Równie ważne jest znalezienie odpowiedzi na pytanie, dlaczego tablety kupuje się za półmetkiem kadencji? Czy po to, aby po jej upływie po naliczeniu kosztów tzw. amortyzacji radni mogli je za bezcen odkupić? Bo nie sądzę, aby urządzenia te miały być przekazane rajcom kolejnej kadencji. Wszak sam koszt gruntownego czyszczenia ich pamięci przerósłby ich wartość.

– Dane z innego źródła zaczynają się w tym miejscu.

(* Let $p\ge5$, $1\le a\le p-4$, $s_\varepsilon\in\{0,\dots,p-2\}$, and let $k=k_\bullet(p-1)+k_\varepsilon$ with $k_\bullet\ge1$. Then $\mathrm M(k)\le\lfloor\log_p k_\bullet\rfloor+3$.
   Context: $v_p(p)=1$. $\{m\}\in\{0,\dots,p-2\}$ is the residue of $m$ mod $p-1$. $k_\varepsilon=2+\{a+2s_\varepsilon\}$, $\delta_\varepsilon=\lfloor(s_\varepsilon+\{a+s_\varepsilon\})/(p-1)\rfloor$; if $a+s_\varepsilon<p-1$, $t_1=s_\varepsilon+\delta_\varepsilon$, $t_2=a+s_\varepsilon+\delta_\varepsilon+2$; else $t_1=\{a+s_\varepsilon\}+\delta_\varepsilon+1$, $t_2=a+s_\varepsilon+\delta_\varepsilon+1$. For $k\ge2$, $k=k_\bullet(p-1)+k_\varepsilon$: $d_k^{\mathrm{Iw}}=2k_\bullet+2-2\delta_\varepsilon$; $d_k^{\mathrm{ur}}=2\lfloor(k_\bullet-t_1)/(p+1)\rfloor+1+\eta_k$ ($\eta_k=1$ if $k_\bullet-(p+1)\lfloor(k_\bullet-t_1)/(p+1)\rfloor\ge t_2$, else $0$). $w_k=\exp(p(k-2))-1$ (so $v_p(w_k-w_{k'})=1+v_p(k-k')$). For $n\ge1$, $m_n(k)=\min\{n-d_k^{\mathrm{ur}},d_k^{\mathrm{Iw}}-d_k^{\mathrm{ur}}-n\}$ if $d_k^{\mathrm{ur}}<n<d_k^{\mathrm{Iw}}-d_k^{\mathrm{ur}}$, else $0$. $\mathrm M(k)=\max v_p(w_{k'}-w_k)$ over all $k'\ne k$, $k'\ge2$, $k'\equiv k_\varepsilon\pmod{p-1}$, such that $m_n(k')\ne0$ for some $1\le n\le d_k^{\mathrm{Iw}}$. *)

theory Defs
  imports Complex_Main "HOL-Computational_Algebra.Primes" "HOL-Library.Extended_Nat"
begin

definition resid :: "nat \<Rightarrow> nat \<Rightarrow> nat" where
  "resid p m = m mod (p - 1)"

definition keps :: "nat \<Rightarrow> nat \<Rightarrow> nat \<Rightarrow> nat" where
  "keps p a s = 2 + resid p (a + 2 * s)"

definition deltaeps :: "nat \<Rightarrow> nat \<Rightarrow> nat \<Rightarrow> nat" where
  "deltaeps p a s = (s + resid p (a + s)) div (p - 1)"

definition t1 :: "nat \<Rightarrow> nat \<Rightarrow> nat \<Rightarrow> nat" where
  "t1 p a s = (if a + s < p - 1 then s + deltaeps p a s
               else resid p (a + s) + deltaeps p a s + 1)"

definition t2 :: "nat \<Rightarrow> nat \<Rightarrow> nat \<Rightarrow> nat" where
  "t2 p a s = (if a + s < p - 1 then a + s + deltaeps p a s + 2
               else a + s + deltaeps p a s + 1)"

definition kbul :: "nat \<Rightarrow> nat \<Rightarrow> nat \<Rightarrow> nat \<Rightarrow> nat" where
  "kbul p a s k = (k - keps p a s) div (p - 1)"

definition dIw :: "nat \<Rightarrow> nat \<Rightarrow> nat \<Rightarrow> nat \<Rightarrow> int" where
  "dIw p a s k = 2 * int (kbul p a s k) + 2 - 2 * int (deltaeps p a s)"

definition qur :: "nat \<Rightarrow> nat \<Rightarrow> nat \<Rightarrow> nat \<Rightarrow> int" where
  "qur p a s k = \<lfloor>(real (kbul p a s k) - real (t1 p a s)) / real (p + 1)\<rfloor>"

definition eta :: "nat \<Rightarrow> nat \<Rightarrow> nat \<Rightarrow> nat \<Rightarrow> int" where
  "eta p a s k = (if int (kbul p a s k) - int (p + 1) * qur p a s k \<ge> int (t2 p a s) then 1 else 0)"

definition dur :: "nat \<Rightarrow> nat \<Rightarrow> nat \<Rightarrow> nat \<Rightarrow> int" where
  "dur p a s k = 2 * qur p a s k + 1 + eta p a s k"

definition mn :: "nat \<Rightarrow> nat \<Rightarrow> nat \<Rightarrow> int \<Rightarrow> nat \<Rightarrow> int" where
  "mn p a s n k = (if dur p a s k < n \<and> n < dIw p a s k - dur p a s k
                   then min (n - dur p a s k) (dIw p a s k - dur p a s k - n) else 0)"

text \<open>v_p(w_k - w_k') = 1 + v_p(k - k') for k \<noteq> k' (w_k = exp(p(k-2)) - 1).\<close>
definition vw :: "nat \<Rightarrow> nat \<Rightarrow> nat \<Rightarrow> nat" where
  "vw p k k' = 1 + multiplicity (int p) (int k' - int k)"

text \<open>M(k) as a supremum in extended naturals (empty set gives 0).\<close>
definition MM :: "nat \<Rightarrow> nat \<Rightarrow> nat \<Rightarrow> nat \<Rightarrow> enat" where
  "MM p a s k = Sup {enat (vw p k k') | k'. k' \<noteq> k \<and> k' \<ge> 2 \<and>
       k' mod (p - 1) = keps p a s mod (p - 1) \<and>
       (\<exists>n::int. 1 \<le> n \<and> n \<le> dIw p a s k \<and> mn p a s n k' \<noteq> 0)}"

end

theory Submission
  imports Defs
begin

text \<open>A weight k' can contribute to M(k) only if its unramified dimension lies below the
  Iwahori dimension of k; this forces k'_\<bullet> < (k_\<bullet> + 1)(p + 1) + p. If k' < k then
  |k' - k| < k < p^2 k_\<bullet>; if k' > k then k' - k = (k'_\<bullet> - k_\<bullet>)(p - 1), whose p-adic
  valuation is that of k'_\<bullet> - k_\<bullet> < p^2 k_\<bullet>. Either way
  p^(v_p(k' - k)) < p^2 k_\<bullet> < p^(\<lfloor>log_p k_\<bullet>\<rfloor> + 3).\<close>

lemma resid_less: "2 \<le> p \<Longrightarrow> resid p m < p - 1"
  by (simp add: resid_def)

lemma keps_le: "2 \<le> p \<Longrightarrow> keps p a s \<le> p"
  using resid_less[of p "a + 2 * s"] by (simp add: keps_def)

lemma deltaeps_le_one:
  assumes "s \<le> p - 2"
  shows "deltaeps p a s \<le> 1"
proof (cases "p \<ge> 2")
  case True
  have "s + resid p (a + s) < 2 * (p - 1)"
    using assms True resid_less[of p "a + s"] by simp
  then have "(s + resid p (a + s)) div (p - 1) < 2"
    by (simp add: less_mult_imp_div_less)
  then show ?thesis
    by (simp add: deltaeps_def)
qed (simp add: deltaeps_def)

lemma t1_le:
  assumes "2 \<le> p" "s \<le> p - 2"
  shows "t1 p a s \<le> p"
  using assms deltaeps_le_one[OF assms(2), of a] resid_less[of p "a + s"]
  by (auto simp: t1_def)

lemma kbul_of_mult_plus_keps: "2 \<le> p \<Longrightarrow> kbul p a s (kb * (p - 1) + keps p a s) = kb"
  by (simp add: kbul_def)

lemma mult_plus_keps_kbul:
  assumes "k mod (p - 1) = keps p a s mod (p - 1)" "keps p a s \<le> k"
  shows "kbul p a s k * (p - 1) + keps p a s = k"
proof -
  have "(p - 1) dvd (k - keps p a s)"
    using assms by (simp add: mod_eq_dvd_iff_nat)
  then show ?thesis
    using assms(2) by (simp add: kbul_def)
qed

lemma dur_less_of_mn_nonzero: "mn p a s n k \<noteq> 0 \<Longrightarrow> dur p a s k < n"
  by (simp add: mn_def split: if_splits)

lemma qur_le_of_dur_less_dIw:
  "dur p a s k' < dIw p a s k \<Longrightarrow> qur p a s k' \<le> int (kbul p a s k)"
  by (simp add: dur_def dIw_def eta_def split: if_splits)

lemma kbul_less_of_qur_le:
  assumes "qur p a s k \<le> int b"
  shows "kbul p a s k < (b + 1) * (p + 1) + t1 p a s"
proof -
  have "(real (kbul p a s k) - real (t1 p a s)) / real (p + 1) < real b + 1"
    using assms unfolding qur_def by linarith
  then have "real (kbul p a s k) < real ((b + 1) * (p + 1) + t1 p a s)"
    by (simp add: divide_less_eq algebra_simps)
  then show ?thesis
    by (simp only: of_nat_less_iff)
qed

lemma kbul_bound_of_mn_nonzero:
  assumes "2 \<le> p" "s \<le> p - 2"
    and "mn p a s n k' \<noteq> 0" "n \<le> dIw p a s (kb * (p - 1) + keps p a s)"
  shows "kbul p a s k' < (kb + 1) * (p + 1) + p"
proof -
  have "dur p a s k' < dIw p a s (kb * (p - 1) + keps p a s)"
    using dur_less_of_mn_nonzero[OF assms(3)] assms(4) by simp
  then have "qur p a s k' \<le> int kb"
    using qur_le_of_dur_less_dIw kbul_of_mult_plus_keps[OF assms(1)] by metis
  then show ?thesis
    using kbul_less_of_qur_le t1_le[OF assms(1,2)] by (meson add_le_mono order_less_le_trans order_refl)
qed

lemma power_multiplicity_le_abs:
  fixes p x :: int
  assumes "0 \<le> p" "x \<noteq> 0"
  shows "p ^ multiplicity p x \<le> \<bar>x\<bar>"
  using dvd_imp_le_int[OF assms(2) multiplicity_dvd, of p] assms(1) by simp

lemma less_power_floor_log:
  fixes b x :: nat
  assumes "2 \<le> b" "1 \<le> x"
  shows "x < b ^ (nat \<lfloor>log b x\<rfloor> + 1)"
proof -
  have "\<lfloor>log b x\<rfloor> = int (nat \<lfloor>log b x\<rfloor>)"
    using assms by simp
  then show ?thesis
    using floor_log_nat_eq_powr_iff[of b x "nat \<lfloor>log b x\<rfloor>"] assms by simp
qed

lemma multiplicity_mult_pred:
  fixes p :: nat and x :: int
  assumes "prime p" "x \<noteq> 0"
  shows "multiplicity (int p) (x * int (p - 1)) = multiplicity (int p) x"
proof -
  have "\<not> p dvd (p - 1)"
    using prime_gt_1_nat[OF assms(1)] by (auto dest: dvd_imp_le)
  then have "\<not> int p dvd int (p - 1)"
    by (metis of_nat_dvd_iff)
  then show ?thesis
    using assms prime_gt_1_nat[OF assms(1)]
    by (simp add: prime_elem_multiplicity_mult_distrib not_dvd_imp_multiplicity_0)
qed

lemma mult_pred_plus_less_square_mult:
  fixes p kb :: nat
  assumes "5 \<le> p" "1 \<le> kb"
  shows "kb * (p - 1) + p < p ^ 2 * kb"
proof -
  have "kb * (p - 1) \<le> p * kb" "p \<le> p * kb"
    using assms by simp_all
  then have "kb * (p - 1) + p \<le> 2 * (p * kb)"
    by linarith
  also have "\<dots> < p * (p * kb)"
    using assms by (intro mult_strict_right_mono) auto
  finally show ?thesis by (simp add: power2_eq_square mult.assoc)
qed

lemma suc_mult_suc_plus_less_square_mult:
  fixes p kb :: nat
  assumes "5 \<le> p" "1 \<le> kb"
  shows "(kb + 1) * (p + 1) + p < p ^ 2 * kb + kb"
proof -
  have "4 * p \<le> 4 * (p * kb)"
    using assms by simp
  also have "4 * (p * kb) \<le> (p - 1) * (p * kb)"
    using assms by (intro mult_right_mono) auto
  moreover have "(p - 1) * (p * kb) + p * kb = p * (p * kb)"
    using assms by (cases p) auto
  ultimately have "4 * p + p * kb \<le> p * (p * kb)"
    by linarith
  then show ?thesis
    using assms by (simp add: algebra_simps power2_eq_square)
qed

lemma power_multiplicity_diff_less:
  fixes p a s kb k' :: nat
  defines "k \<equiv> kb * (p - 1) + keps p a s"
  assumes "prime p" "5 \<le> p" "1 \<le> kb" "k' \<noteq> k"
    and "k' mod (p - 1) = keps p a s mod (p - 1)"
    and "kbul p a s k' < (kb + 1) * (p + 1) + p"
  shows "p ^ multiplicity (int p) (int k' - int k) < p ^ 2 * kb"
proof (cases "k' < k")
  case True
  have "int (p ^ multiplicity (int p) (int k' - int k)) \<le> int k - int k'"
    using power_multiplicity_le_abs[of "int p" "int k' - int k"] True by simp
  also have "\<dots> \<le> int (kb * (p - 1) + p)"
    using keps_le[of p a s] assms(3) unfolding k_def by simp
  finally have "p ^ multiplicity (int p) (int k' - int k) \<le> kb * (p - 1) + p"
    by (simp only: of_nat_le_iff)
  then show ?thesis
    using mult_pred_plus_less_square_mult[OF assms(3,4)] by linarith
next
  case False
  define kb' where "kb' = kbul p a s k'"
  have k'_eq: "k' = kb' * (p - 1) + keps p a s"
    using mult_plus_keps_kbul[OF assms(6)] False assms(5) unfolding kb'_def k_def by simp
  then have "kb < kb'"
    using False assms(5) unfolding k_def by auto
  have "k' - k = (kb' - kb) * (p - 1)"
    unfolding k'_eq k_def by (simp add: diff_mult_distrib)
  then have "int k' - int k = int (kb' - kb) * int (p - 1)"
    using False by (simp add: of_nat_diff flip: of_nat_mult)
  then have "multiplicity (int p) (int k' - int k) = multiplicity (int p) (int (kb' - kb))"
    using multiplicity_mult_pred[OF assms(2)] \<open>kb < kb'\<close> by simp
  moreover have "int p ^ multiplicity (int p) (int (kb' - kb)) \<le> int (kb' - kb)"
    using power_multiplicity_le_abs[of "int p" "int (kb' - kb)"] \<open>kb < kb'\<close> by simp
  moreover have "kb' < p ^ 2 * kb + kb"
    using assms(7) suc_mult_suc_plus_less_square_mult[OF assms(3,4)] unfolding kb'_def
    by (rule less_trans)
  then have "kb' - kb < p ^ 2 * kb"
    using \<open>kb < kb'\<close> by arith
  ultimately show ?thesis
    by simp
qed

theorem lemma3p9:
  fixes p a s kb :: nat
  assumes "prime p" and "p \<ge> 5" and "1 \<le> a" and "a \<le> p - 4" and "s \<le> p - 2"
    and "kb \<ge> 1"
  shows "MM p a s (kb * (p - 1) + keps p a s) \<le> enat (nat \<lfloor>log (real p) (real kb)\<rfloor> + 3)"
proof -
  define k where "k = kb * (p - 1) + keps p a s"
  define L where "L = nat \<lfloor>log (real p) (real kb)\<rfloor>"
  have "vw p k k' \<le> L + 3"
    if "k' \<noteq> k" "k' mod (p - 1) = keps p a s mod (p - 1)"
      and "n \<le> dIw p a s k" "mn p a s n k' \<noteq> 0" for k' n
  proof -
    have "kbul p a s k' < (kb + 1) * (p + 1) + p"
      using kbul_bound_of_mn_nonzero[of p s a n k' kb] assms(2,5) that(3,4)
      unfolding k_def by simp
    then have "p ^ multiplicity (int p) (int k' - int k) < p ^ 2 * kb"
      using power_multiplicity_diff_less[of p kb k' a s] assms that(1,2) unfolding k_def
      by blast
    also have "\<dots> < p ^ 2 * p ^ (L + 1)"
      using less_power_floor_log[of p kb] assms unfolding L_def by simp
    also have "\<dots> = p ^ (L + 3)"
      by (simp add: power_add eval_nat_numeral)
    finally have "multiplicity (int p) (int k' - int k) < L + 3"
      using assms(2) by simp
    then show ?thesis
      by (simp add: vw_def)
  qed
  then show ?thesis
    unfolding MM_def k_def[symmetric] L_def[symmetric]
    by (intro Sup_least) auto
qed

end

W czasie, gdy większość podatków drastycznie rośnie, postępuje drenaż kieszeni przeciętnego podatnika, w wielu przypadkach także mocno obniża się standard życia, władza rozważa zakup dla siebie zabawek. Nie myśli się o tym, jak powstrzymać gospodarczą zapaść okolicy, postępującą depopulację czy odpływ młodszych i starszych ludzi do większych ośrodków miejskich albo nawet za granicę. Spowodowało to niemałe oburzenie wśród społeczeństwa, podążając za którego śladem postanowiłem interweniować w Urzędzie Miejskim i przynajmniej podjąć próbę powstrzymania tej - moim zdaniem - bizantyjskiej rozrzutności. Skierowałem pisma do burmistrza oraz przewodniczącego rady miejskiej.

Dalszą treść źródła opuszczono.